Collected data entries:
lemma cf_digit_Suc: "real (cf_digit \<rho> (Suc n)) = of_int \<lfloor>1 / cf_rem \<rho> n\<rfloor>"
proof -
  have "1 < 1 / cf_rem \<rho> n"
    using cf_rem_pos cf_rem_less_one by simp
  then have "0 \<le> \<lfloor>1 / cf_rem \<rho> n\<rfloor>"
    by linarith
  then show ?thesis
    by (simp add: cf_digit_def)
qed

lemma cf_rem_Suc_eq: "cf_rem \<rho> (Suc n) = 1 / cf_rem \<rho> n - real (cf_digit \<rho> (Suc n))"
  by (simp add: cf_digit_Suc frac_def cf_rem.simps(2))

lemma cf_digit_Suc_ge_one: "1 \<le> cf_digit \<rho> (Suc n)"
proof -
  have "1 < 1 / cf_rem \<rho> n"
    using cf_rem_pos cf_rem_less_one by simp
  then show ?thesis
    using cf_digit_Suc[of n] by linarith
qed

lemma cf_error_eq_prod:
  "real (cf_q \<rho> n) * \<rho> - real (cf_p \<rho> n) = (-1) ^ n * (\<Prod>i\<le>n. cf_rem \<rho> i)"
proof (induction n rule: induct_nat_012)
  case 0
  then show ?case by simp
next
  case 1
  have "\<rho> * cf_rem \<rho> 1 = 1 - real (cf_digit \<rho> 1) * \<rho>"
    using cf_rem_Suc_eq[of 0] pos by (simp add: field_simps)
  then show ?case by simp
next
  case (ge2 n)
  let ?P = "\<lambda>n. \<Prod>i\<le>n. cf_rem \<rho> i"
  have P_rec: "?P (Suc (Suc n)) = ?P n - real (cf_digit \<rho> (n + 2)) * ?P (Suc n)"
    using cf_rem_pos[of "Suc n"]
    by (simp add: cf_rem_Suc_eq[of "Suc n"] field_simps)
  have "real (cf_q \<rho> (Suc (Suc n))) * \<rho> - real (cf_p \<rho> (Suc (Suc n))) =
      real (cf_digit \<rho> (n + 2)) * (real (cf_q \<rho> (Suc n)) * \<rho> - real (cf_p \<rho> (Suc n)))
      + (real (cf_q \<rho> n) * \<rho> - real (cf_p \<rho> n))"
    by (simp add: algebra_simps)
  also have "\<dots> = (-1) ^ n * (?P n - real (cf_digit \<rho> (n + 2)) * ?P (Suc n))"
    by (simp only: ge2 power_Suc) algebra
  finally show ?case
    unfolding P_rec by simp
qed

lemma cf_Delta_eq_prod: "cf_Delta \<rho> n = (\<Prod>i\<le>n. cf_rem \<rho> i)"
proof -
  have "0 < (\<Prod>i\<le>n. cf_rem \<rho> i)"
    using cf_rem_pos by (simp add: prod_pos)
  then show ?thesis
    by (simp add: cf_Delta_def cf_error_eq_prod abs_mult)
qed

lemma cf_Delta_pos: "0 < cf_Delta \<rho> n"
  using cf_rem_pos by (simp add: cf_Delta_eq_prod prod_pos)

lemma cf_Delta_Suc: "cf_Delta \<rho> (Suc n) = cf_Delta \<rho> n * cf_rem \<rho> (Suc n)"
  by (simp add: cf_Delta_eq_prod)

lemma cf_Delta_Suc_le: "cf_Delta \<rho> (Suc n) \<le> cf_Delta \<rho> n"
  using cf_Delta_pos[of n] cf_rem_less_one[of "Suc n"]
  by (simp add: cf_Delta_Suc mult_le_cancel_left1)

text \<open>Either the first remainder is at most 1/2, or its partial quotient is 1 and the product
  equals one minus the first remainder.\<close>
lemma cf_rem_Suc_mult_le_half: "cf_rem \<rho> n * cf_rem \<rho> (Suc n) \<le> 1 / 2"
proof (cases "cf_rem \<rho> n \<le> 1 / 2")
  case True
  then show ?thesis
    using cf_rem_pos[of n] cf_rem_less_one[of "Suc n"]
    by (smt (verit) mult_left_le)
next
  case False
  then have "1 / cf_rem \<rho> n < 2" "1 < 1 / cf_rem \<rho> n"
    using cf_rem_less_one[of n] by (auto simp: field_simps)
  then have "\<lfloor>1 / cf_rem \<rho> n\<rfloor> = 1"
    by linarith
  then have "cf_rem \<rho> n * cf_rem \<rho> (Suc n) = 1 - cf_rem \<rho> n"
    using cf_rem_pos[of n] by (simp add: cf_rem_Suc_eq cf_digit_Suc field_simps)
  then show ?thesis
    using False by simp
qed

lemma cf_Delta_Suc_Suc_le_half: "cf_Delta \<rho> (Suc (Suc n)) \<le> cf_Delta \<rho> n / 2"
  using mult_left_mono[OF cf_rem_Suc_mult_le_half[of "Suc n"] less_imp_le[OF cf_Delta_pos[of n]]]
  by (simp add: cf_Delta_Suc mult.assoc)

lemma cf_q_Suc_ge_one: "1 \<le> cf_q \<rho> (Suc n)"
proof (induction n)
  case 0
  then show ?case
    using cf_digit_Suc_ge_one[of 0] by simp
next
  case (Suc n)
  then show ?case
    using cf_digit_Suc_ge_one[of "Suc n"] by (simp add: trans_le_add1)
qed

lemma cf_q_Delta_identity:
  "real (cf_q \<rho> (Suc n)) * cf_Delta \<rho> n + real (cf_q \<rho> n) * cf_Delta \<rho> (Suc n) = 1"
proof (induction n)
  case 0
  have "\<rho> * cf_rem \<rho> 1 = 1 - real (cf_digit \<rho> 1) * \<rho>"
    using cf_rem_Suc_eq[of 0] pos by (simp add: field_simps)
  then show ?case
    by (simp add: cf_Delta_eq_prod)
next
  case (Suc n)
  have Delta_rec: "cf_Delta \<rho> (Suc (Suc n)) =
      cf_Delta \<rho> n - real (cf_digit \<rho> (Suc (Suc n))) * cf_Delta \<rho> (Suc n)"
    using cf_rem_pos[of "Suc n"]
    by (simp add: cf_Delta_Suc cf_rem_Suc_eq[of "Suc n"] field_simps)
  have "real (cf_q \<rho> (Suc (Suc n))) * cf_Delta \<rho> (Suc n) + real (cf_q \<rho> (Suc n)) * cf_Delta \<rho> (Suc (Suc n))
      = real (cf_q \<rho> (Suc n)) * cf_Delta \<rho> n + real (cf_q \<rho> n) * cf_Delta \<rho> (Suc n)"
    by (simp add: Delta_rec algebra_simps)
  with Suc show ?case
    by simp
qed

--

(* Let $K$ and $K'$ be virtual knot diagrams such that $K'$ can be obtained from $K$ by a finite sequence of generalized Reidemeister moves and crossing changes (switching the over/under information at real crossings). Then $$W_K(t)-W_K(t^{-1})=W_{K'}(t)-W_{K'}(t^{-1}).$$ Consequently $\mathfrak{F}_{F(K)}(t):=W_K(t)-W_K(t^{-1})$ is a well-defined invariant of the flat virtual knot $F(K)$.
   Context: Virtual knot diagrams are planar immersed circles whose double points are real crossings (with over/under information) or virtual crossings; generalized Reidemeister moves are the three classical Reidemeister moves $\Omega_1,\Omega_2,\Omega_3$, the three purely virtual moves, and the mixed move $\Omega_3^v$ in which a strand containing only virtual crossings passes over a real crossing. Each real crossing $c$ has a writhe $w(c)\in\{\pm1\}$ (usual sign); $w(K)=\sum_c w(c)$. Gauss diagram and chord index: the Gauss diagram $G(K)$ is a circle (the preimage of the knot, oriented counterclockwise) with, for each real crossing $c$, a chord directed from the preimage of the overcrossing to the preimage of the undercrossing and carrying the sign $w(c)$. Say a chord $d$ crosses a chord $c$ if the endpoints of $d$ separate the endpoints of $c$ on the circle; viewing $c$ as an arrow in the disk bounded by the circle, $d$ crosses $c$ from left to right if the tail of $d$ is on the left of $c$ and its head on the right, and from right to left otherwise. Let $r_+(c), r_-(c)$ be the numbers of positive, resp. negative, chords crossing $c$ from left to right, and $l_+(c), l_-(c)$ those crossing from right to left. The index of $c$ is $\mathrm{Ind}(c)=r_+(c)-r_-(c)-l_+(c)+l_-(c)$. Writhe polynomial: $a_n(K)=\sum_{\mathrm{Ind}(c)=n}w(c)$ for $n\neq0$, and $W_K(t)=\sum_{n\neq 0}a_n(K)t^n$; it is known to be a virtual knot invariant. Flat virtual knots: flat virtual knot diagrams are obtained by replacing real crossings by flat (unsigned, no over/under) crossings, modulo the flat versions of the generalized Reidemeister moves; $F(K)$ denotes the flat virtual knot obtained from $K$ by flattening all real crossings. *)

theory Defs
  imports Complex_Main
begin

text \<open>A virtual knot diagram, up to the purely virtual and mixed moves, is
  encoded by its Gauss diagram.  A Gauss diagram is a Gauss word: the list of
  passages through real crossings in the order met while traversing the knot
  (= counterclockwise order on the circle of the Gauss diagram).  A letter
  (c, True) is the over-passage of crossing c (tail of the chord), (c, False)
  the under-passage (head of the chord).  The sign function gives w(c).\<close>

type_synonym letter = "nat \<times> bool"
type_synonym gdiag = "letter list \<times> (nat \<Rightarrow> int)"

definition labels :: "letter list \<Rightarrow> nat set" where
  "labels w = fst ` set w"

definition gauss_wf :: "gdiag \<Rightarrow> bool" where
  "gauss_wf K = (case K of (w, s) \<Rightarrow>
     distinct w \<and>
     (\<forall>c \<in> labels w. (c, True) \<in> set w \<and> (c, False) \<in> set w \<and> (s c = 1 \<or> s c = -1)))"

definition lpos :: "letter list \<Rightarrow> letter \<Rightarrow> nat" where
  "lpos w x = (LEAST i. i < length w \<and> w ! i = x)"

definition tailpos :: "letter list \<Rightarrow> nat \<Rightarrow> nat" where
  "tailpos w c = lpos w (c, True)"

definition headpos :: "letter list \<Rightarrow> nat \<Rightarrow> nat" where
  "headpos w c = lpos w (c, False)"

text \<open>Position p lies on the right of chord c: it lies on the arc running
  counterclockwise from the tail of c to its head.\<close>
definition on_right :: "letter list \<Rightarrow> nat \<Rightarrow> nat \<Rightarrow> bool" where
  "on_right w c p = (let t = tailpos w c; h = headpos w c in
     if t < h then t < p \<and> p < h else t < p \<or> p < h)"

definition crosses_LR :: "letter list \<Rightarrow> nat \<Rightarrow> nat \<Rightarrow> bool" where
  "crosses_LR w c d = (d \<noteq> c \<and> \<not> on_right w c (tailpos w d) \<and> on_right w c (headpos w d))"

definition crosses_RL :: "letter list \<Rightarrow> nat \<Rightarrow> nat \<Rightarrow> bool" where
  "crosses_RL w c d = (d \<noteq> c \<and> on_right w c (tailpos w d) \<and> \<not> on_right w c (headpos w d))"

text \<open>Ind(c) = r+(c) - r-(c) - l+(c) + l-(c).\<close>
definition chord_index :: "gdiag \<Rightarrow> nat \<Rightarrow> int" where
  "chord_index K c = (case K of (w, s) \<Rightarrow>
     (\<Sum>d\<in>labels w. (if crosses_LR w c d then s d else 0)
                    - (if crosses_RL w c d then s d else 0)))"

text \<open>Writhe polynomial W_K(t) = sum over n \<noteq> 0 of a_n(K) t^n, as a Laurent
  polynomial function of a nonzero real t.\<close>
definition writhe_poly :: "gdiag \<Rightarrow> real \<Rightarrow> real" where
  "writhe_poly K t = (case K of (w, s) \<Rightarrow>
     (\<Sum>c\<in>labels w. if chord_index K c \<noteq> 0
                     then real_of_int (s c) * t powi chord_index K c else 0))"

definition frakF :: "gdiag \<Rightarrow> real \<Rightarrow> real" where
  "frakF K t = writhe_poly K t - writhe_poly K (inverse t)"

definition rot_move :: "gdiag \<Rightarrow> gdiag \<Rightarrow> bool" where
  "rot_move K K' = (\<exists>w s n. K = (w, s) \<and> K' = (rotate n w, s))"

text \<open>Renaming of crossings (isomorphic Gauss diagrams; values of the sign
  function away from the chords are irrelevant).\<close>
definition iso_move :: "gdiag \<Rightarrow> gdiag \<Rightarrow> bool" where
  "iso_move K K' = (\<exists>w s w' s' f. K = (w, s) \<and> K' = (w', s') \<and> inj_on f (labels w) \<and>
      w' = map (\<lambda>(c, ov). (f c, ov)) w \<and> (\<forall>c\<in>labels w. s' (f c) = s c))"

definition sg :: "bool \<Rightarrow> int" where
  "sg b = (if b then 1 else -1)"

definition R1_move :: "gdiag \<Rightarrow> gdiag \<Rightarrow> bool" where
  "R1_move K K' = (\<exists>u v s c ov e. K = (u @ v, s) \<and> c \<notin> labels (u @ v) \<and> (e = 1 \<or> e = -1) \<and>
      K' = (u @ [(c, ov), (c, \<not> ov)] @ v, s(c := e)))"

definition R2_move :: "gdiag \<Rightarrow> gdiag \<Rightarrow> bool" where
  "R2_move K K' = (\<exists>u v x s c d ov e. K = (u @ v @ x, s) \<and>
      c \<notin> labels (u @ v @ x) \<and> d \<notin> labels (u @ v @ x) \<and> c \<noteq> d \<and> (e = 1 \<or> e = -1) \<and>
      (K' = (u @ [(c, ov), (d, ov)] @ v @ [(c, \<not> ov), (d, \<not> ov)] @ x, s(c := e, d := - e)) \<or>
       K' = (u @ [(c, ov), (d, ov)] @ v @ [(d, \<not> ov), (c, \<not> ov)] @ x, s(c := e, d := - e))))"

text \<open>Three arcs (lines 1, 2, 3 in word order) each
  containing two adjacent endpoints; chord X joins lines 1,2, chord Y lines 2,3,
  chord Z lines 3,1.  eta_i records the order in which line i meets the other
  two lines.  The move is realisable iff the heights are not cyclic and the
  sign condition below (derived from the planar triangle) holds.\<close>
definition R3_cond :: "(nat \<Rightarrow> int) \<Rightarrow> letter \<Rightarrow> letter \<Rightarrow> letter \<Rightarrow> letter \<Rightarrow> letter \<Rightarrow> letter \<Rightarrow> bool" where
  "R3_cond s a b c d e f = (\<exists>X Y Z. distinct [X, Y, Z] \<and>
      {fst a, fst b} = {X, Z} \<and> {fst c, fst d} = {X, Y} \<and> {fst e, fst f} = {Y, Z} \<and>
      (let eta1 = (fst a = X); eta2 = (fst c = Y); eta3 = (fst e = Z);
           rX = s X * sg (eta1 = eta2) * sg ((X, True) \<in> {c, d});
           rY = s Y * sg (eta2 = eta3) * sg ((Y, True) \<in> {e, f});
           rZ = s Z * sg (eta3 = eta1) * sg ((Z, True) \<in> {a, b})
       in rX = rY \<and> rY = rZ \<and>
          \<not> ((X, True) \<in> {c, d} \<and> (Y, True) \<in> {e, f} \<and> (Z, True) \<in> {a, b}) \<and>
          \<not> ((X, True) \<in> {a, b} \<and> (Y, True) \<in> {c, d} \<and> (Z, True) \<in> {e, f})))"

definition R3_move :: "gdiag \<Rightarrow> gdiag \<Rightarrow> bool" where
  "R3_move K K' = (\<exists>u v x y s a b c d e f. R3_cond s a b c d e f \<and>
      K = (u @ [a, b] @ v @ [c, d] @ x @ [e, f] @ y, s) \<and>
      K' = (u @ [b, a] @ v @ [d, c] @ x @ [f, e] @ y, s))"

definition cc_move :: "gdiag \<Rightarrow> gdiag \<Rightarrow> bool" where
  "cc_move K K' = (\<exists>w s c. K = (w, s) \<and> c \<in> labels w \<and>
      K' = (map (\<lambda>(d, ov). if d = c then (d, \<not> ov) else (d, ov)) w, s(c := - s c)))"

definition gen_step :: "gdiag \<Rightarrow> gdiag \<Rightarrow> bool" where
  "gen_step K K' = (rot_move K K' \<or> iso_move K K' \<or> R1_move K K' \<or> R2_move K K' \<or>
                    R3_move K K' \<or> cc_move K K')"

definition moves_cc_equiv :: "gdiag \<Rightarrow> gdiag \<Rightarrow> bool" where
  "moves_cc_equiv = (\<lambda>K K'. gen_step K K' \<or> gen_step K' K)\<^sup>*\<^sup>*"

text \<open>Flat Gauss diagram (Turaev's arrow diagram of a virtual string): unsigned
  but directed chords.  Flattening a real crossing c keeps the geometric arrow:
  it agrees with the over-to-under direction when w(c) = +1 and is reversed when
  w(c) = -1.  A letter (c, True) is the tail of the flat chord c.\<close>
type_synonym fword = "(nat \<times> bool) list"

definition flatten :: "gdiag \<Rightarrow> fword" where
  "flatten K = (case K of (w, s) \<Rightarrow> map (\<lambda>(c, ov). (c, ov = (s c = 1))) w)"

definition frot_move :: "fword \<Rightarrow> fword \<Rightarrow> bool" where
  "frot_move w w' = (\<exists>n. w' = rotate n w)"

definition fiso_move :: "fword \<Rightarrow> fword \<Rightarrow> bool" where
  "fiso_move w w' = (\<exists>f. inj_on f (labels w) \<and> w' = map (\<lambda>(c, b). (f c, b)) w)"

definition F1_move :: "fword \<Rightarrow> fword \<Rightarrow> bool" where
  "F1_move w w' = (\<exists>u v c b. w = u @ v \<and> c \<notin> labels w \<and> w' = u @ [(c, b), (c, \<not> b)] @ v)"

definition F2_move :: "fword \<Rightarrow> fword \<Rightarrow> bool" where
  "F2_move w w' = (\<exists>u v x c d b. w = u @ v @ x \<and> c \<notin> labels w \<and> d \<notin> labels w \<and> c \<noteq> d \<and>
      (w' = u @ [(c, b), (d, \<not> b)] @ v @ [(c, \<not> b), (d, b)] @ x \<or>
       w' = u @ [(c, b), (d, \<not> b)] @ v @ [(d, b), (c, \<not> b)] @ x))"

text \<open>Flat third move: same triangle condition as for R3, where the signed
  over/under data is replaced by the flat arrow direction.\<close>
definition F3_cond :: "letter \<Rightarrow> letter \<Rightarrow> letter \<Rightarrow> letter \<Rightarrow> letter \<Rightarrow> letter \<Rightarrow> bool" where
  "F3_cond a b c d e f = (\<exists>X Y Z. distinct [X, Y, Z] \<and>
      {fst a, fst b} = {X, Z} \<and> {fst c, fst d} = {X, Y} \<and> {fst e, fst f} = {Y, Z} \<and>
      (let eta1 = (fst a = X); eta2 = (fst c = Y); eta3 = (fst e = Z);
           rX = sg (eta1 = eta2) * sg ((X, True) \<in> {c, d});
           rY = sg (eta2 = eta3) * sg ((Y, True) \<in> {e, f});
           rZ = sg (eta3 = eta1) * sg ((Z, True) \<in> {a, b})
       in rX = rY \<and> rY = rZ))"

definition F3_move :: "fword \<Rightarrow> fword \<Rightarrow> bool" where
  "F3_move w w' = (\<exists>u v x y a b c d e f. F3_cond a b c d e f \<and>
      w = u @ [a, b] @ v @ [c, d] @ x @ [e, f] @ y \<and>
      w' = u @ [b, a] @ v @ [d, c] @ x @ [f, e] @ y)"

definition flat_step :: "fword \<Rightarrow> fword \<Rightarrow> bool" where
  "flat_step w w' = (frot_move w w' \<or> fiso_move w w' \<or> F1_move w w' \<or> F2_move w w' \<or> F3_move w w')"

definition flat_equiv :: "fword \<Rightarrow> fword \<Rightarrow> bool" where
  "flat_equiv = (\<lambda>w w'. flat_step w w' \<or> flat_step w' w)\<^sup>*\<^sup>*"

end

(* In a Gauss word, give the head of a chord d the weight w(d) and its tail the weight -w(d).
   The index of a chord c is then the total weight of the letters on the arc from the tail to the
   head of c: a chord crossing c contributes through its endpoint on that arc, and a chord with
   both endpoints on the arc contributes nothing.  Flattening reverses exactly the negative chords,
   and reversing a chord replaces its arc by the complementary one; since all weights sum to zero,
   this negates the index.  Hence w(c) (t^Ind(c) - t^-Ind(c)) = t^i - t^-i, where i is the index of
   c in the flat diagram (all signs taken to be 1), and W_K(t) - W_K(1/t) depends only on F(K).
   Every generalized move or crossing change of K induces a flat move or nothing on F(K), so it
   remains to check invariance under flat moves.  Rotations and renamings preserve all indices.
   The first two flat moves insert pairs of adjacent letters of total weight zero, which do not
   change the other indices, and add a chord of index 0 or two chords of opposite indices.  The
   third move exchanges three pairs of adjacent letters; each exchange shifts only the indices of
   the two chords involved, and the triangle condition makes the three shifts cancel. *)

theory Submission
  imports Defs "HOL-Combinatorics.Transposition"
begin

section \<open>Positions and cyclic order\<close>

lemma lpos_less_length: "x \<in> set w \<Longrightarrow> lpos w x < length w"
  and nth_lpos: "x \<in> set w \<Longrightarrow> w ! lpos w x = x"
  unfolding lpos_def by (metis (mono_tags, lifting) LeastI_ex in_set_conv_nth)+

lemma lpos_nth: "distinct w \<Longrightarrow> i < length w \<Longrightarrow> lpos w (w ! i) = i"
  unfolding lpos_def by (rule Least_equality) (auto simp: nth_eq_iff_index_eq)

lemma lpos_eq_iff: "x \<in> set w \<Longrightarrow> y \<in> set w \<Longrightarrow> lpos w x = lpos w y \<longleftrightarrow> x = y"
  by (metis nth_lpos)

...

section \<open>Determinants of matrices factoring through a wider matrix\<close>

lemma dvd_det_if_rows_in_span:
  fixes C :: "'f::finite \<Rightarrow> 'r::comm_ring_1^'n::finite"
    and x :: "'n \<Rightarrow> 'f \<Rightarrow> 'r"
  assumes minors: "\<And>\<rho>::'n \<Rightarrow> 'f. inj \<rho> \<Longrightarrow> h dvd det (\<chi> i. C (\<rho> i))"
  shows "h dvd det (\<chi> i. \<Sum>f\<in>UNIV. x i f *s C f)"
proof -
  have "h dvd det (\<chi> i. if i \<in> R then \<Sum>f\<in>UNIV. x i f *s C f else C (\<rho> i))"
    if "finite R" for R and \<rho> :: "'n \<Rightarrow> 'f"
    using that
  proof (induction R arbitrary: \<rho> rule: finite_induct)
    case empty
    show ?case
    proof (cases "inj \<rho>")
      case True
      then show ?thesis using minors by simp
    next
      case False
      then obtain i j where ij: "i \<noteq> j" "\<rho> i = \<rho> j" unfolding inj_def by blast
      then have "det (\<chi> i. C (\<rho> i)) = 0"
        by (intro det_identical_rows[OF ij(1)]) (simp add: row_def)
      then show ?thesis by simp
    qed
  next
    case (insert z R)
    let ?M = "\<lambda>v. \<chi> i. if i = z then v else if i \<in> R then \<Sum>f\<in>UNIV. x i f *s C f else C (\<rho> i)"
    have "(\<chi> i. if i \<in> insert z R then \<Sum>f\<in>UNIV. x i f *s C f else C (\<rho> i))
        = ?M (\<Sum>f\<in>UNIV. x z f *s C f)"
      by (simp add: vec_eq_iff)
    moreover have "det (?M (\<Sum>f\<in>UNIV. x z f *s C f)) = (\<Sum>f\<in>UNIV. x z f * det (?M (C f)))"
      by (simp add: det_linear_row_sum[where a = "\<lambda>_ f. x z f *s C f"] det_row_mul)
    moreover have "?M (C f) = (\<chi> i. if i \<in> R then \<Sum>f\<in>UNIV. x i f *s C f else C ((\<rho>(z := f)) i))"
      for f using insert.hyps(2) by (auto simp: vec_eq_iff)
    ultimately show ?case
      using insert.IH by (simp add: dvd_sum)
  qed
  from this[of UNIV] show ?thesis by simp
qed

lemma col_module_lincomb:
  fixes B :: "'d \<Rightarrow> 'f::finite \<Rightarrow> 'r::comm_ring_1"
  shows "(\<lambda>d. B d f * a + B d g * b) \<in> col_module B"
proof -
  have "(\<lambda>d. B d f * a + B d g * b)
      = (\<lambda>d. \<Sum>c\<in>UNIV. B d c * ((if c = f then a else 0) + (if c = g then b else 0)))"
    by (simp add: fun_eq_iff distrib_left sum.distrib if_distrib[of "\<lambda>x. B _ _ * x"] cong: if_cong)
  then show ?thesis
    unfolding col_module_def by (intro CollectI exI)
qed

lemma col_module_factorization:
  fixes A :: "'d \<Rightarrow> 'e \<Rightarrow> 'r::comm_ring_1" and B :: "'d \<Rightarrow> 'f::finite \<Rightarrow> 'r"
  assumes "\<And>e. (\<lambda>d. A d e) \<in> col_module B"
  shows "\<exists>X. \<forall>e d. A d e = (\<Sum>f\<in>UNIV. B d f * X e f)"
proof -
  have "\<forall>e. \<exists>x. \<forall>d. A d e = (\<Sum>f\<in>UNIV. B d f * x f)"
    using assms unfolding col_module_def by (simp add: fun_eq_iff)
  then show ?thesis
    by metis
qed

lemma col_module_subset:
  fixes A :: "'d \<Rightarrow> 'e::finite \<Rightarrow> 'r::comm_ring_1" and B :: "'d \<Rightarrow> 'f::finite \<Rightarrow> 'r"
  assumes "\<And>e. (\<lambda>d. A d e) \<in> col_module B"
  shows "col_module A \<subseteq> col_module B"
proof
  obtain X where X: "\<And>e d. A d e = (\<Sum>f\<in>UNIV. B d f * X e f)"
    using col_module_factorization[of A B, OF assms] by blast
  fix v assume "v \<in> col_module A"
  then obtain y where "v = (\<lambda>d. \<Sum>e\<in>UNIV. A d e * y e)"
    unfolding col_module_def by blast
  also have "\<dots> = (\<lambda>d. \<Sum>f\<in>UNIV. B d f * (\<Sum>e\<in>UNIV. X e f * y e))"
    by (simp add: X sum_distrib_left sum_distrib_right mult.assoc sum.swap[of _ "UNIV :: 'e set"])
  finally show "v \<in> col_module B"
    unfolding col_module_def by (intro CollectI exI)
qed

### THE PROBLEM
Repeat, exactly as they stand above, the lines from the line with "(\<exists>u v s" to the line with "c \<notin> labels (u @ v @", both lines included.

### SOLVED EXERCISE
  "R1_move K K' = (\<exists>u v s c ov e. K = (u @ v, s) \<and> c \<notin> labels (u @ v) \<and> (e = 1 \<or> e = -1) \<and>
      K' = (u @ [(c, ov), (c, \<not> ov)] @ v, s(c := e)))"

definition R2_move :: "gdiag \<Rightarrow> gdiag \<Rightarrow> bool" where
  "R2_move K K' = (\<exists>u v x s c d ov e. K = (u @ v @ x, s) \<and>
      c \<notin> labels (u @ v @ x) \<and> d \<notin> labels (u @ v @ x) \<and> c \<noteq> d \<and> (e = 1 \<or> e = -1) \<and>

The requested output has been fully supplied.